(Collected data)
----

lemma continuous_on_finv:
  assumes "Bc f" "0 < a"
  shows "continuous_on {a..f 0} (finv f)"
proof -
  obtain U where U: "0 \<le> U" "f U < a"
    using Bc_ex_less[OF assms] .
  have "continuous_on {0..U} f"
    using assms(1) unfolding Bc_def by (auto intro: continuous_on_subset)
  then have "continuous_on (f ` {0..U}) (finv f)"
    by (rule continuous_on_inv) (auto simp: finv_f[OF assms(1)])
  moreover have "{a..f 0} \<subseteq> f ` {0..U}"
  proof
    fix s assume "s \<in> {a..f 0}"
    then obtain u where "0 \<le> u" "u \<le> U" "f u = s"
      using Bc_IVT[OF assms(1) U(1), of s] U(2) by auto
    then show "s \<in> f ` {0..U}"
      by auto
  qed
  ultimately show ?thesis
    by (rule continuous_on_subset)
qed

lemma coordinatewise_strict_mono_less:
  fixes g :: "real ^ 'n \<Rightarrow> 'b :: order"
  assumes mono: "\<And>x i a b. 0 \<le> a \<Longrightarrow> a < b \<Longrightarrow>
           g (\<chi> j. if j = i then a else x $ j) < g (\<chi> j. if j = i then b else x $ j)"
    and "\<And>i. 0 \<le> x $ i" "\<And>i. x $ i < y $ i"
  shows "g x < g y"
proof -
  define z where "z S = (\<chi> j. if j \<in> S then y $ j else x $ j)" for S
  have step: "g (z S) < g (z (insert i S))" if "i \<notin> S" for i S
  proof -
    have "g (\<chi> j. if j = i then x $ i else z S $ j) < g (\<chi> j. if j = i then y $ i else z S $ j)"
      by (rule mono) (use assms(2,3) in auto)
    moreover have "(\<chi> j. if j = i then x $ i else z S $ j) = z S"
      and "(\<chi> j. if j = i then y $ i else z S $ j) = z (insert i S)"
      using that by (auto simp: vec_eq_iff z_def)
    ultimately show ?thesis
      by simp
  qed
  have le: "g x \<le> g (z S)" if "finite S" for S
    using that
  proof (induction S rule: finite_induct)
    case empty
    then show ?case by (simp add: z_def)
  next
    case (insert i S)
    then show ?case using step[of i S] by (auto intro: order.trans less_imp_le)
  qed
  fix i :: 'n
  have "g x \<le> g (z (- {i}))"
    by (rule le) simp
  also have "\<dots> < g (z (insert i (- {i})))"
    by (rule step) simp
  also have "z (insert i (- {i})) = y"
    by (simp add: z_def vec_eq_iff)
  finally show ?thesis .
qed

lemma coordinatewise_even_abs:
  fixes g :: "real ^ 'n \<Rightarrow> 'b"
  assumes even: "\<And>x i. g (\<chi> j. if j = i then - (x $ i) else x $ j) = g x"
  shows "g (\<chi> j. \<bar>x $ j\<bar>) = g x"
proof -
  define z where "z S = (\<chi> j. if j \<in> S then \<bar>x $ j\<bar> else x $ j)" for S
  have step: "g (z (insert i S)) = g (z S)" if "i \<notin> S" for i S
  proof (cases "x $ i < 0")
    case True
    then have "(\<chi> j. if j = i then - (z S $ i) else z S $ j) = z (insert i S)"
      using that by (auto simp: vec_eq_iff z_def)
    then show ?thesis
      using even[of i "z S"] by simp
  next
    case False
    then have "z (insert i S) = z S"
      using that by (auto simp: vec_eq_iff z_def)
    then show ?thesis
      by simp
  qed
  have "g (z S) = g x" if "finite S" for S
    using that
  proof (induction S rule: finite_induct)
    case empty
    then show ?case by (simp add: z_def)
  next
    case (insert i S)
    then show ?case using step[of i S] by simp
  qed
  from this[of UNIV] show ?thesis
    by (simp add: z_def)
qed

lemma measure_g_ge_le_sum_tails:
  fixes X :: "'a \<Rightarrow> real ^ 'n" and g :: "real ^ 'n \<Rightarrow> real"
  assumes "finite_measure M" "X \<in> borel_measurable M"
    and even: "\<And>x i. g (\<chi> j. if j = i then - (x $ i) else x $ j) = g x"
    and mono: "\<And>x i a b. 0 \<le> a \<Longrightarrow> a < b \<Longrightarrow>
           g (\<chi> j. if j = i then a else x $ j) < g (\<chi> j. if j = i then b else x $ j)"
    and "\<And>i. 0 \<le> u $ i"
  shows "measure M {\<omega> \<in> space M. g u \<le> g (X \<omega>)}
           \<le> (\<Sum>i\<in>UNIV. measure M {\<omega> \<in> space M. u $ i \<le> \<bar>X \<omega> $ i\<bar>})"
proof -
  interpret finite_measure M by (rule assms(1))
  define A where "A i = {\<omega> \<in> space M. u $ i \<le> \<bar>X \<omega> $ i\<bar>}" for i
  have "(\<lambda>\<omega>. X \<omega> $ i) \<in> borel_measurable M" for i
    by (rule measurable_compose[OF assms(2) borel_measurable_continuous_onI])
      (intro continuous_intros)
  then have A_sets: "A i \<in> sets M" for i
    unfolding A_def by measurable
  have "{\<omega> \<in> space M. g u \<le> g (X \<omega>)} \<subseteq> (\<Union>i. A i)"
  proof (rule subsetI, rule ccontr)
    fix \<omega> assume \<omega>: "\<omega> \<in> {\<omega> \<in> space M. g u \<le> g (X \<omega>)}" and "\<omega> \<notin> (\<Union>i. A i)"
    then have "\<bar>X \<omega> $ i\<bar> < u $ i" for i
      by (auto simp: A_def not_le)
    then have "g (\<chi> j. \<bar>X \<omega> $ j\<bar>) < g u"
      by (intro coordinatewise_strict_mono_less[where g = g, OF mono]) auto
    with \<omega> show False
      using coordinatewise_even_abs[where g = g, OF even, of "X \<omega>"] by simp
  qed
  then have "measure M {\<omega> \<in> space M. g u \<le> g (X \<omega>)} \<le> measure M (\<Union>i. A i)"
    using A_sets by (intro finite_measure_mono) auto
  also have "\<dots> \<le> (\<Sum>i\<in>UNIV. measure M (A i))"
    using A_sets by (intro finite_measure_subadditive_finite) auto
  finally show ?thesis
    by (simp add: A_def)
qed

----

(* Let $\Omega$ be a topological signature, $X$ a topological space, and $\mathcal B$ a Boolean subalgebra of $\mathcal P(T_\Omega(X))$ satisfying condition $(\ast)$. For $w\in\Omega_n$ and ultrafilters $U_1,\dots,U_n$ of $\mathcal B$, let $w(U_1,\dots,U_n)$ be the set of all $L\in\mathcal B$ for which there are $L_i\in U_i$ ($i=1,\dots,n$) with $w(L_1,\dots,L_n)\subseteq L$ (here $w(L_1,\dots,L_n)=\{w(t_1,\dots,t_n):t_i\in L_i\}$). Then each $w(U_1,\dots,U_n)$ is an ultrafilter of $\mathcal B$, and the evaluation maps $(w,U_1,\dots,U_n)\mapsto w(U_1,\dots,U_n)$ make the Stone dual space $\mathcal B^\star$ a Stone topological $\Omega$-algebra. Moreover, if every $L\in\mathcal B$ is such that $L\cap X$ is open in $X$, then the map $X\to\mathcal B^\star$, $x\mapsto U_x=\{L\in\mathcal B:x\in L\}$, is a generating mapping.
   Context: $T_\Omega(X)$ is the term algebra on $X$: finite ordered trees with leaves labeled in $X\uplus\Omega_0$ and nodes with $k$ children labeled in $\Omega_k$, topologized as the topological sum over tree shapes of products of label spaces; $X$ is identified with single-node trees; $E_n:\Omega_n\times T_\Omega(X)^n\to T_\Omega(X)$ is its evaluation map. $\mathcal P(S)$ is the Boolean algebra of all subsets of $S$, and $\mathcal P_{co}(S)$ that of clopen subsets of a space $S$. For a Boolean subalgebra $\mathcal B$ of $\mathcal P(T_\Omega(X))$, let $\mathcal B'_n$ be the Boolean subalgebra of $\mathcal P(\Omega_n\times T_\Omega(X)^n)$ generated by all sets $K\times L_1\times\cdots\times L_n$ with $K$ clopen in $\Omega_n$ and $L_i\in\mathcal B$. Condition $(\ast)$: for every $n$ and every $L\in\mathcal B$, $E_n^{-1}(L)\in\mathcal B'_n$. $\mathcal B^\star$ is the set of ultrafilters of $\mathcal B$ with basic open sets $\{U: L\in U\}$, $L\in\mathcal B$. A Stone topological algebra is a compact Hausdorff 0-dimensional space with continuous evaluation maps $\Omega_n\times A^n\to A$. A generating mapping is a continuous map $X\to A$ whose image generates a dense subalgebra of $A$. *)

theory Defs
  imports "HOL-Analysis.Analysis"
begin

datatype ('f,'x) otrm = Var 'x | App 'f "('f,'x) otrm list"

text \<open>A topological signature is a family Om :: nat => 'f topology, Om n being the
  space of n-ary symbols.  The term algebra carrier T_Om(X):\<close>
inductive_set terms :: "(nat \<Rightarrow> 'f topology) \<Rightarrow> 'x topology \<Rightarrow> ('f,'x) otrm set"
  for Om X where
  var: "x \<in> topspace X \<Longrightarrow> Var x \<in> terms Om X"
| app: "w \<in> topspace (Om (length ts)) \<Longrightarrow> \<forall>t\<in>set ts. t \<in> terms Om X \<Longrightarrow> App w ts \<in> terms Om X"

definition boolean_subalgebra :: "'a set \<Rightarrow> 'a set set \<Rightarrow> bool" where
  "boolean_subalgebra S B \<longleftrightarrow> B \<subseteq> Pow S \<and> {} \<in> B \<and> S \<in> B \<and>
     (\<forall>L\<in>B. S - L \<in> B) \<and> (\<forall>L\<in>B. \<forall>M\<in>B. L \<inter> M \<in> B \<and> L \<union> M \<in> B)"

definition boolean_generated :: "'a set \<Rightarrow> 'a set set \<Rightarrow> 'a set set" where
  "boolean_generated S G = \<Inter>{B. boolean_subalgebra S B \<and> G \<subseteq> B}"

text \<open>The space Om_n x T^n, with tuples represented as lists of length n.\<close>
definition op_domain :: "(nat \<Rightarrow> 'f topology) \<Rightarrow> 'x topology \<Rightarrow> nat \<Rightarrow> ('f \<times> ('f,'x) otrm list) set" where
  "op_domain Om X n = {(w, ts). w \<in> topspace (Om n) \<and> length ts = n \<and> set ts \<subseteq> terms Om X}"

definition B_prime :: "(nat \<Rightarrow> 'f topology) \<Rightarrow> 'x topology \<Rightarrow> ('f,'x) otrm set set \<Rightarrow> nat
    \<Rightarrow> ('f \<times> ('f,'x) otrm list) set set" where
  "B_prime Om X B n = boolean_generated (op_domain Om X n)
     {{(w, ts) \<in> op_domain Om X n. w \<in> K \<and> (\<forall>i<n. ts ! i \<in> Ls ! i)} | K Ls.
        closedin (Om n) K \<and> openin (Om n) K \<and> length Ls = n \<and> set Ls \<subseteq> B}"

----

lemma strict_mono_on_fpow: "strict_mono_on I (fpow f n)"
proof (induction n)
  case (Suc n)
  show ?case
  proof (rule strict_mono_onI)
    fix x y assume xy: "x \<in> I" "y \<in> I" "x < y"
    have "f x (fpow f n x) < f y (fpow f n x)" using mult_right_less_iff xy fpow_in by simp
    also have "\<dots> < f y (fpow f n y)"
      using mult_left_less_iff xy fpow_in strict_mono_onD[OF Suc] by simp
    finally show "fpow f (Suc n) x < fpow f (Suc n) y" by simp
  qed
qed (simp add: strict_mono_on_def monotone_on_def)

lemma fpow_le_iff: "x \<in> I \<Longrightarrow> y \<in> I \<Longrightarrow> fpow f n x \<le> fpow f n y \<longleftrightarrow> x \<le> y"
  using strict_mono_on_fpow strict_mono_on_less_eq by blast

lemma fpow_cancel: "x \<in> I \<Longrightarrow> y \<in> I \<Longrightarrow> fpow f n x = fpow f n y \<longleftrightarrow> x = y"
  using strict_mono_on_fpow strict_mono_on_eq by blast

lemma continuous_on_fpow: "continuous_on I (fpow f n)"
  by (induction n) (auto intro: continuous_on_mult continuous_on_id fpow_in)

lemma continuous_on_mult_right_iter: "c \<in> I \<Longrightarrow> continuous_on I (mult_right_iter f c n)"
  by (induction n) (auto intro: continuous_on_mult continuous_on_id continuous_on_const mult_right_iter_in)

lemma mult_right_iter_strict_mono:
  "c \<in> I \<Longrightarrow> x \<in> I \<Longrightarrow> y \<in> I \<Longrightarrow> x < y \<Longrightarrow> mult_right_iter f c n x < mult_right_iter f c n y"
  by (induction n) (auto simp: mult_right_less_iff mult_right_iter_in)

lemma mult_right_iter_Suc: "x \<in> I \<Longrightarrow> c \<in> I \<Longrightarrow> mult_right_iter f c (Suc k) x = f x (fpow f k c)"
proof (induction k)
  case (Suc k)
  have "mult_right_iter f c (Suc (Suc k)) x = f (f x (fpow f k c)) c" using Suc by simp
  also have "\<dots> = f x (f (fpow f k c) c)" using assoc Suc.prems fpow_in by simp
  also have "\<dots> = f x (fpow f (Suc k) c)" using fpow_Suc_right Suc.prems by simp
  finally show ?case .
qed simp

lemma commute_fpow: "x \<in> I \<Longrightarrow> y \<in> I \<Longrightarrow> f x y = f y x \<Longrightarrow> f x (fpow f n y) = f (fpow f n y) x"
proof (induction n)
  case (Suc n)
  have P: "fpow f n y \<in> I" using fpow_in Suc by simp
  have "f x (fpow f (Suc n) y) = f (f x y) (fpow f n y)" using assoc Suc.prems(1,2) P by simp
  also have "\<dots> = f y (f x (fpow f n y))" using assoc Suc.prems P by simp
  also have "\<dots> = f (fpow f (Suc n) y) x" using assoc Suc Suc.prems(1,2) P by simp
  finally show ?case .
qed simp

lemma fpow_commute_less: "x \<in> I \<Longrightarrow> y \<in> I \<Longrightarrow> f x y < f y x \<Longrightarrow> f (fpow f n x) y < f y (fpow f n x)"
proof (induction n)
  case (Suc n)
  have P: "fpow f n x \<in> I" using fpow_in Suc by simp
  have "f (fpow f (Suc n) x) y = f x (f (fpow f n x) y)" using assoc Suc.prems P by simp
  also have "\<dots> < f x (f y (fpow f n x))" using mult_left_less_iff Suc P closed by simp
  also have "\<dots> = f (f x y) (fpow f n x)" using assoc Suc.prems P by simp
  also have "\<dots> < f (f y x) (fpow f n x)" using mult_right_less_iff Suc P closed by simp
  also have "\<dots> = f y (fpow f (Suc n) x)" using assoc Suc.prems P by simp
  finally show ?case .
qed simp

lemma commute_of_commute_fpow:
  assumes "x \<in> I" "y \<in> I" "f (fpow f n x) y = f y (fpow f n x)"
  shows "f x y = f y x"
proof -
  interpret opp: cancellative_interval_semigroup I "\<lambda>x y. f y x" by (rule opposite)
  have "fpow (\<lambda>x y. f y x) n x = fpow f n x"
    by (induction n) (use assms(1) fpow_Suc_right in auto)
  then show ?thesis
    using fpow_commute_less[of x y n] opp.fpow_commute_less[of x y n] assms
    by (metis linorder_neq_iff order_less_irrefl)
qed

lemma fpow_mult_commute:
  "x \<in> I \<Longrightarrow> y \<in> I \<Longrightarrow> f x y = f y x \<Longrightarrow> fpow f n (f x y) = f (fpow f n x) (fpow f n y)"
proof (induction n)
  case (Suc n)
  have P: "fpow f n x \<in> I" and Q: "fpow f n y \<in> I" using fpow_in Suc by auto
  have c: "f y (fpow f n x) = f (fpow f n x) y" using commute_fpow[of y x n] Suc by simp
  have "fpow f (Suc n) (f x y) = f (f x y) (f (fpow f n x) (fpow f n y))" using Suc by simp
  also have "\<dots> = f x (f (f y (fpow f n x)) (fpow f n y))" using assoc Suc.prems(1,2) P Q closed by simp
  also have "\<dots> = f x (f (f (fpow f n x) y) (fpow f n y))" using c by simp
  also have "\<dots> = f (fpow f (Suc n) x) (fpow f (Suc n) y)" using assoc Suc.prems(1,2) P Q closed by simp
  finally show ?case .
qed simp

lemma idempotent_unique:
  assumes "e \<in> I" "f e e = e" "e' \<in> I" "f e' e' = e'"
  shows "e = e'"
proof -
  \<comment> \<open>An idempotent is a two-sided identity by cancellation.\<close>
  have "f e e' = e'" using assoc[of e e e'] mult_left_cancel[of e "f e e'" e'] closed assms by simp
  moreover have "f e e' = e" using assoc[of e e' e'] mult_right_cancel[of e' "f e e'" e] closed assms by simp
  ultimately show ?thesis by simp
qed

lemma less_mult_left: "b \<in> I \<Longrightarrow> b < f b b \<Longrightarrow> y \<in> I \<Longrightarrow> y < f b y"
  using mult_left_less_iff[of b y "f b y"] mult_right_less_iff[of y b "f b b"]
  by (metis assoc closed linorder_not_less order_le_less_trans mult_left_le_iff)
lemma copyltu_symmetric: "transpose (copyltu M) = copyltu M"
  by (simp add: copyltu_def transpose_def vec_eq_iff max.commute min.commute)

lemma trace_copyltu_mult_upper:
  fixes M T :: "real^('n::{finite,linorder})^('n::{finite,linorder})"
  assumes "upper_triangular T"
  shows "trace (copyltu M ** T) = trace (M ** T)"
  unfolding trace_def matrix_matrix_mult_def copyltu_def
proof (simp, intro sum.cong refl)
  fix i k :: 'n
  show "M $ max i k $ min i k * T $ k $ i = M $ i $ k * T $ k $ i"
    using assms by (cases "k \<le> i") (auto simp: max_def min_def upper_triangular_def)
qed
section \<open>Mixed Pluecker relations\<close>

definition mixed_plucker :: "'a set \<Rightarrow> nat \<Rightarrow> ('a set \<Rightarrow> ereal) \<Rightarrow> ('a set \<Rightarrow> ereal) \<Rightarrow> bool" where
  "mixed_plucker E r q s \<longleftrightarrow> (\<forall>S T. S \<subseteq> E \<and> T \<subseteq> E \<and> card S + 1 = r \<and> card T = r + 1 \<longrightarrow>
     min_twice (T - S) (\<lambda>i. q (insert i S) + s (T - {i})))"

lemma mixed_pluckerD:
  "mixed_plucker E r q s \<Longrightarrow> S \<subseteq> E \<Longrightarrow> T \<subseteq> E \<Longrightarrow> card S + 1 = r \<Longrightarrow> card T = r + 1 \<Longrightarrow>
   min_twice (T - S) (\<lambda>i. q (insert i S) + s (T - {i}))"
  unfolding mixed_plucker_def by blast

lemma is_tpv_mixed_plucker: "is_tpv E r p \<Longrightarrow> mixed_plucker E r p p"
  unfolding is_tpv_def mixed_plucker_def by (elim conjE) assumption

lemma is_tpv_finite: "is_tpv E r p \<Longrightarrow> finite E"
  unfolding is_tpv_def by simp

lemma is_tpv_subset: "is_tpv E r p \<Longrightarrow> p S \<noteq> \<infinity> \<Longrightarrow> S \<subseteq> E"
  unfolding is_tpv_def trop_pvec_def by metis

----

_PROBLEM DESCRIPTION_
Provide the count of lines in the records above that hold the word "ultimately", with no other text.

_SOLUTION FOR THIS EXERCISE_
3